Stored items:
----

definition lip_le :: "nat \<Rightarrow> (nat \<Rightarrow> real) set \<Rightarrow> ((nat \<Rightarrow> real) \<Rightarrow> real) \<Rightarrow> real \<Rightarrow> bool" where
  "lip_le d K h c \<longleftrightarrow> (\<forall>x\<in>K. \<forall>y\<in>K. \<bar>h x - h y\<bar> \<le> c * normd d (vdiffd d x y))"

definition C1class :: "nat \<Rightarrow> real \<Rightarrow> real \<Rightarrow> (nat \<Rightarrow> real) set \<Rightarrow> ((nat \<Rightarrow> real) \<Rightarrow> real) set" where
  "C1class d A B K = {f. \<exists>g. C1_on d K f g \<and> (\<forall>x\<in>K. \<bar>f x\<bar> \<le> 1) \<and> lip_le d K f A \<and>
       (\<forall>\<theta>\<in>sphered d. lip_le d K (\<lambda>x. innerd d (g x) \<theta>) B)}"

text \<open>Adaptive information: the j-th point is chosen from the previously observed values.\<close>
fun info_vals :: "(nat \<Rightarrow> real list \<Rightarrow> (nat \<Rightarrow> real)) \<Rightarrow> ((nat \<Rightarrow> real) \<Rightarrow> real) \<Rightarrow> nat \<Rightarrow> real list" where
  "info_vals pts f 0 = []"
| "info_vals pts f (Suc j) = info_vals pts f j @ [f (pts j (info_vals pts f j))]"

definition achievable :: "(nat \<Rightarrow> real) set \<Rightarrow> ((nat \<Rightarrow> real) \<Rightarrow> real) set
     \<Rightarrow> (((nat \<Rightarrow> real) \<Rightarrow> real) \<Rightarrow> real) \<Rightarrow> nat \<Rightarrow> real \<Rightarrow> bool" where
  "achievable K F S n eps \<longleftrightarrow> (\<exists>pts phi. (\<forall>j<n. \<forall>vs. pts j vs \<in> K) \<and>
     (\<forall>f\<in>F. \<bar>S f - phi (info_vals pts f n)\<bar> \<le> eps))"

definition curse :: "(nat \<Rightarrow> (nat \<Rightarrow> real) set) \<Rightarrow> (nat \<Rightarrow> ((nat \<Rightarrow> real) \<Rightarrow> real) set)
     \<Rightarrow> (nat \<Rightarrow> ((nat \<Rightarrow> real) \<Rightarrow> real) \<Rightarrow> real) \<Rightarrow> bool" where
  "curse K F S \<longleftrightarrow> (\<exists>c>0. \<exists>eps0>0. \<exists>\<gamma>>0. \<forall>eps. 0 < eps \<and> eps \<le> eps0 \<longrightarrow>
      infinite {d. \<forall>n. achievable (K d) (F d) (S d) n eps \<longrightarrow> c * (1 + \<gamma>) ^ d \<le> real n})"

end

theory Submission
  imports Defs
begin

text \<open>For an isotropic body K the centroid 0 lies in K and \<integral>_K |x|^2 = d L_K^2. If Lip f \<le> A, then
  |\<integral>_K f - f 0| \<le> A \<integral>_K |x| \<le> A sqrt d L_K. If all directional derivatives are B-Lipschitz, the
  mean value theorem along the ray from 0 gives |f x - f 0 - \<langle>\<nabla>f 0, x\<rangle>| \<le> B |x|^2, and the linear
  term integrates to 0, so |\<integral>_K f - f 0| \<le> B d L_K^2. Hence the one-point rule f \<mapsto> f 0 has worst-case
  error tending to 0: for every fixed accuracy a single function value suffices in all large
  dimensions, which excludes the curse of dimensionality.\<close>

lemma innerd_nonneg: "innerd d x x \<ge> 0"
  unfolding innerd_def by (auto intro!: sum_nonneg)

lemma normd_nonneg: "normd d x \<ge> 0"
  unfolding normd_def using innerd_nonneg by simp

lemma normd_power2: "(normd d x)\<^sup>2 = innerd d x x"
  unfolding normd_def using innerd_nonneg by simp

lemma normd_vdiffd: "normd d (vdiffd d x y) = sqrt (\<Sum>i<d. (x i - y i) * (x i - y i))"
  unfolding normd_def innerd_def vdiffd_def by simp

lemma innerd_zerod_right: "innerd d v (zerod d) = 0"
  unfolding innerd_def zerod_def by simp

lemma innerd_zerod_left: "innerd d (zerod d) v = 0"
  unfolding innerd_def zerod_def by simp

lemma innerd_scaled_right: "innerd d v (scaled d c x) = c * innerd d v x"
  unfolding innerd_def scaled_def by (simp add: sum_distrib_left algebra_simps)

lemma innerd_vdiffd_scaled: "innerd d v (vdiffd d (scaled d s x) (scaled d t x)) = (s - t) * innerd d v x"
  unfolding innerd_def scaled_def vdiffd_def by (simp add: sum_distrib_left algebra_simps)

lemma normd_scaled: "normd d (scaled d c x) = \<bar>c\<bar> * normd d x"
proof -
  have "innerd d (scaled d c x) (scaled d c x) = c\<^sup>2 * innerd d x x"
    unfolding innerd_def scaled_def by (simp add: sum_distrib_left power2_eq_square algebra_simps)
  then show ?thesis unfolding normd_def by (simp add: real_sqrt_mult)
qed

lemma normd_vdiffd_scaled: "normd d (vdiffd d (scaled d s x) (scaled d t x)) = \<bar>s - t\<bar> * normd d x"
proof -
  have "innerd d (vdiffd d (scaled d s x) (scaled d t x)) (vdiffd d (scaled d s x) (scaled d t x))
      = (s - t)\<^sup>2 * innerd d x x"
    unfolding innerd_def scaled_def vdiffd_def
    by (simp add: sum_distrib_left) (simp add: power2_eq_square algebra_simps)
  then show ?thesis unfolding normd_def by (simp add: real_sqrt_mult)
qed

lemma normd_vdiffd_zerod: "normd d (vdiffd d x (zerod d)) = normd d x"
  unfolding normd_def innerd_def zerod_def vdiffd_def by simp

lemma zerod_in_Rd: "zerod d \<in> Rd d"
  unfolding zerod_def Rd_def by auto

lemma scaled_in_Rd: "scaled d c x \<in> Rd d"
  unfolding scaled_def Rd_def by auto

lemma scaled_one: "x \<in> Rd d \<Longrightarrow> scaled d 1 x = x"
  unfolding scaled_def Rd_def by (auto simp: fun_eq_iff PiE_def extensional_def)

lemma scaled_zero: "scaled d 0 x = zerod d"
  unfolding scaled_def zerod_def by simp

lemma normd_eq_0_imp_zerod:
  assumes "x \<in> Rd d" "normd d x = 0"
  shows "x = zerod d"
proof -
  have "innerd d x x = 0" using assms(2) normd_power2[of d x] by simp
  then have "\<forall>i\<in>{..<d}. x i * x i = 0"
    unfolding innerd_def by (subst sum_nonneg_eq_0_iff[symmetric]) auto
  then show ?thesis using assms(1) unfolding zerod_def Rd_def
    by (auto simp: fun_eq_iff PiE_def extensional_def)
qed

lemma innerd_convex_comb_self:
  "innerd d (vaddd d (scaled d (1 - t) p) (scaled d t x)) (vaddd d (scaled d (1 - t) p) (scaled d t x))
   = innerd d p p + 2 * t * (innerd d p x - innerd d p p) + t\<^sup>2 * (\<Sum>i<d. (x i - p i)\<^sup>2)"
proof -
  have "innerd d (vaddd d (scaled d (1 - t) p) (scaled d t x)) (vaddd d (scaled d (1 - t) p) (scaled d t x))
     = (\<Sum>i<d. p i * p i + 2 * t * (p i * x i - p i * p i) + t\<^sup>2 * (x i - p i)\<^sup>2)"
    unfolding innerd_def vaddd_def scaled_def
    by (rule sum.cong) (simp_all add: power2_eq_square algebra_simps)
  also have "\<dots> = innerd d p p + 2 * t * (innerd d p x - innerd d p p) + t\<^sup>2 * (\<Sum>i<d. (x i - p i)\<^sup>2)"
    unfolding innerd_def by (simp add: sum.distrib sum_subtractf flip: sum_distrib_left)
  finally show ?thesis .
qed

lemma scaled_mem_convexd:
  assumes "convexd d K" "zerod d \<in> K" "x \<in> K" "0 \<le> t" "t \<le> 1"
  shows "scaled d t x \<in> K"
proof -
  have "vaddd d (scaled d (1 - t) (zerod d)) (scaled d t x) = scaled d t x"
    unfolding vaddd_def scaled_def zerod_def by (auto simp: fun_eq_iff)
  then show ?thesis using assms unfolding convexd_def by metis
qed

definition unitv :: "nat \<Rightarrow> nat \<Rightarrow> nat \<Rightarrow> real" where
  "unitv d i = (\<lambda>j\<in>{..<d}. if j = i then 1 else 0)"

lemma innerd_unitv: "i < d \<Longrightarrow> innerd d x (unitv d i) = x i"
proof -
  assume "i < d"
  have "innerd d x (unitv d i) = (\<Sum>j<d. if j = i then x i else 0)"
    unfolding innerd_def unitv_def by (rule sum.cong) auto
  then show ?thesis using \<open>i < d\<close> by simp
qed

lemma unitv_in_sphered: "i < d \<Longrightarrow> unitv d i \<in> sphered d"
  using innerd_unitv[of i d "unitv d i"] unfolding sphered_def normd_def by (auto simp: Rd_def unitv_def)

lemma continuous_on_coordinate [continuous_intros]: "continuous_on S (\<lambda>x::nat\<Rightarrow>real. x i)"
  by (rule continuous_on_subset[OF continuous_on_product_coordinates]) simp

lemma continuous_on_normd_vdiffd: "continuous_on S (\<lambda>x. normd d (vdiffd d x y))"
  unfolding normd_vdiffd by (intro continuous_intros)

lemma continuous_on_innerd_self: "continuous_on S (\<lambda>x. innerd d x x)"
  unfolding innerd_def by (intro continuous_intros)

lemma continuous_on_innerd_right: "continuous_on S (\<lambda>x. innerd d p x)"
  unfolding innerd_def by (intro continuous_intros)

lemma lip_le_continuous_on:
  assumes "lip_le d K f A"
  shows "continuous_on K f"
  unfolding continuous_on_def
proof
  fix y assume y: "y \<in> K"
  have "((\<lambda>x. A * normd d (vdiffd d x y)) \<longlongrightarrow> A * normd d (vdiffd d y y)) (at y within K)"
    using continuous_on_normd_vdiffd[of K d y] y unfolding continuous_on_def
    by (intro tendsto_mult tendsto_const) auto
  then have to_0: "((\<lambda>x. A * normd d (vdiffd d x y)) \<longlongrightarrow> 0) (at y within K)"
    by (simp add: normd_vdiffd)
  have "eventually (\<lambda>x. norm (f x - f y) \<le> A * normd d (vdiffd d x y)) (at y within K)"
    using assms y unfolding eventually_at_filter lip_le_def by simp
  from Lim_null_comparison[OF this to_0]
  have "((\<lambda>x. (f x - f y) + f y) \<longlongrightarrow> 0 + f y) (at y within K)"
    by (intro tendsto_add tendsto_const)
  then show "(f \<longlongrightarrow> f y) (at y within K)" by simp
qed

lemma space_lebd: "space (lebd d) = Rd d"
  unfolding lebd_def Rd_def by (simp add: space_PiM)

lemma id_borel_measurable_lebd: "(\<lambda>x::nat\<Rightarrow>real. x) \<in> borel_measurable (lebd d)"
proof (rule measurable_coordinatewise_then_product)
  fix i
  show "(\<lambda>x::nat\<Rightarrow>real. x i) \<in> borel_measurable (lebd d)"
  proof (cases "i < d")
    case True
    then have "(\<lambda>x::nat\<Rightarrow>real. x i) \<in> measurable (lebd d) lborel"
      unfolding lebd_def by (intro measurable_component_singleton) simp
    then show ?thesis by (simp add: measurable_lborel1)
  next
    case False
    then have "x i = undefined" if "x \<in> space (lebd d)" for x :: "nat \<Rightarrow> real"
      using that unfolding space_lebd Rd_def by (auto simp: PiE_def extensional_def)
    then show ?thesis using measurable_cong[of "lebd d" "\<lambda>x. x i" "\<lambda>_. undefined"] by simp
  qed
qed

lemma continuous_on_borel_measurable_restrict_lebd:
  assumes "continuous_on K (h :: (nat\<Rightarrow>real) \<Rightarrow> real)"
  shows "h \<in> borel_measurable (restrict_space (lebd d) K)"
proof -
  have "(\<lambda>x. x) \<in> measurable (restrict_space (lebd d) K) (restrict_space borel K)"
    by (rule measurable_restrict_space3[OF id_borel_measurable_lebd]) auto
  from measurable_comp[OF this borel_measurable_continuous_on_restrict[OF assms]]
  show ?thesis by (simp add: o_def)
qed

lemma measure_lebd_eq_1_imp_sets: "measure (lebd d) K = 1 \<Longrightarrow> K \<in> sets (lebd d)"
  using measure_notin_sets by fastforce

lemma prob_space_restrict_lebd:
  assumes "measure (lebd d) K = 1"
  shows "prob_space (restrict_space (lebd d) K)"
proof (rule prob_space_restrict_space)
  show "K \<in> sets (lebd d)" using measure_lebd_eq_1_imp_sets[OF assms] .
  have "emeasure (lebd d) K \<noteq> \<infinity>"
    using assms by (auto simp: measure_def)
  then show "emeasure (lebd d) K = 1"
    using emeasure_eq_ennreal_measure[of "lebd d" K] assms by simp
qed

lemma space_restrict_lebd: "measure (lebd d) K = 1 \<Longrightarrow> space (restrict_space (lebd d) K) = K"
  using measure_lebd_eq_1_imp_sets by simp

lemma set_integral_eq_restrict_lebd:
  assumes "measure (lebd d) K = 1"
  shows "(LINT x:K|lebd d. h x) = integral\<^sup>L (restrict_space (lebd d) K) (h :: _ \<Rightarrow> real)"
proof -
  have "K \<inter> space (lebd d) \<in> sets (lebd d)"
    using measure_lebd_eq_1_imp_sets[OF assms] by (simp add: sets.Int_space_eq2)
  then show ?thesis unfolding set_lebesgue_integral_def by (simp add: integral_restrict_space)
qed

lemma continuous_on_integrable_restrict_lebd:
  assumes "measure (lebd d) K = 1" "compact K" "continuous_on K h"
  shows "integrable (restrict_space (lebd d) K) (h :: _ \<Rightarrow> real)"
proof -
  interpret prob_space "restrict_space (lebd d) K" using prob_space_restrict_lebd[OF assms(1)] .
  have "bounded (h ` K)" using compact_continuous_image[OF assms(3,2)] compact_imp_bounded by blast
  then obtain C where C: "\<forall>x\<in>K. \<bar>h x\<bar> \<le> C" unfolding bounded_real by auto
  show ?thesis
  proof (rule integrable_const_bound[where B = C])
    show "AE x in restrict_space (lebd d) K. norm (h x) \<le> C"
      using C space_restrict_lebd[OF assms(1)] by (intro AE_I2) simp
    show "h \<in> borel_measurable (restrict_space (lebd d) K)"
      by (rule continuous_on_borel_measurable_restrict_lebd[OF assms(3)])
  qed
qed

lemma abs_integral_le_integral:
  fixes f g :: "'a \<Rightarrow> real"
  assumes "integrable M f" "integrable M g" "\<And>x. x \<in> space M \<Longrightarrow> \<bar>f x\<bar> \<le> g x"
  shows "\<bar>integral\<^sup>L M f\<bar> \<le> integral\<^sup>L M g"
proof -
  have "\<bar>integral\<^sup>L M f\<bar> \<le> (\<integral>x. \<bar>f x\<bar> \<partial>M)"
    using integral_norm_bound[of M f] by simp
  also have "\<dots> \<le> integral\<^sup>L M g"
    using assms by (intro integral_mono) auto
  finally show ?thesis .
qed

section \<open>Isotropic bodies\<close>

lemma nearest_point_innerd_ge:
  assumes "convexd d K" "p \<in> K" "\<forall>y\<in>K. innerd d p p \<le> innerd d y y" "x \<in> K"
  shows "innerd d p p \<le> innerd d p x"
proof (rule ccontr)
  define a where "a = innerd d p x - innerd d p p"
  define b where "b = (\<Sum>i<d. (x i - p i)\<^sup>2)"
  assume "\<not> innerd d p p \<le> innerd d p x"
  then have a: "a < 0" unfolding a_def by simp
  have b: "b \<ge> 0" unfolding b_def by (intro sum_nonneg) simp
  define t where "t = min 1 (- a / (b + 1))"
  have t: "0 < t" "t \<le> 1" unfolding t_def using a b by (simp_all add: divide_neg_pos)
  have "t * b \<le> (- a / (b + 1)) * b" unfolding t_def using b by (intro mult_right_mono) auto
  also have "\<dots> < - a" using a b by (simp add: field_simps)
  finally have tb: "t * b < - a" .
  have "vaddd d (scaled d (1 - t) p) (scaled d t x) \<in> K"
    using assms t unfolding convexd_def by simp
  then have "innerd d p p \<le> innerd d p p + 2 * t * a + t\<^sup>2 * b"
    using assms(3) innerd_convex_comb_self[of d t p x] unfolding a_def b_def by fastforce
  then have "0 \<le> t * (2 * a + t * b)" by (simp add: power2_eq_square algebra_simps)
  then have "0 \<le> 2 * a + t * b" using t by (simp add: zero_le_mult_iff)
  then show False using tb a by linarith
qed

----

About this task: Look through the entries above and report each line where the string "bool" occurs.

Exercise result:
definition lip_le :: "nat \<Rightarrow> (nat \<Rightarrow> real) set \<Rightarrow> ((nat \<Rightarrow> real) \<Rightarrow> real) \<Rightarrow> real \<Rightarrow> bool" where
     \<Rightarrow> (((nat \<Rightarrow> real) \<Rightarrow> real) \<Rightarrow> real) \<Rightarrow> nat \<Rightarrow> real \<Rightarrow> bool" where
     \<Rightarrow> (nat \<Rightarrow> ((nat \<Rightarrow> real) \<Rightarrow> real) \<Rightarrow> real) \<Rightarrow> bool" where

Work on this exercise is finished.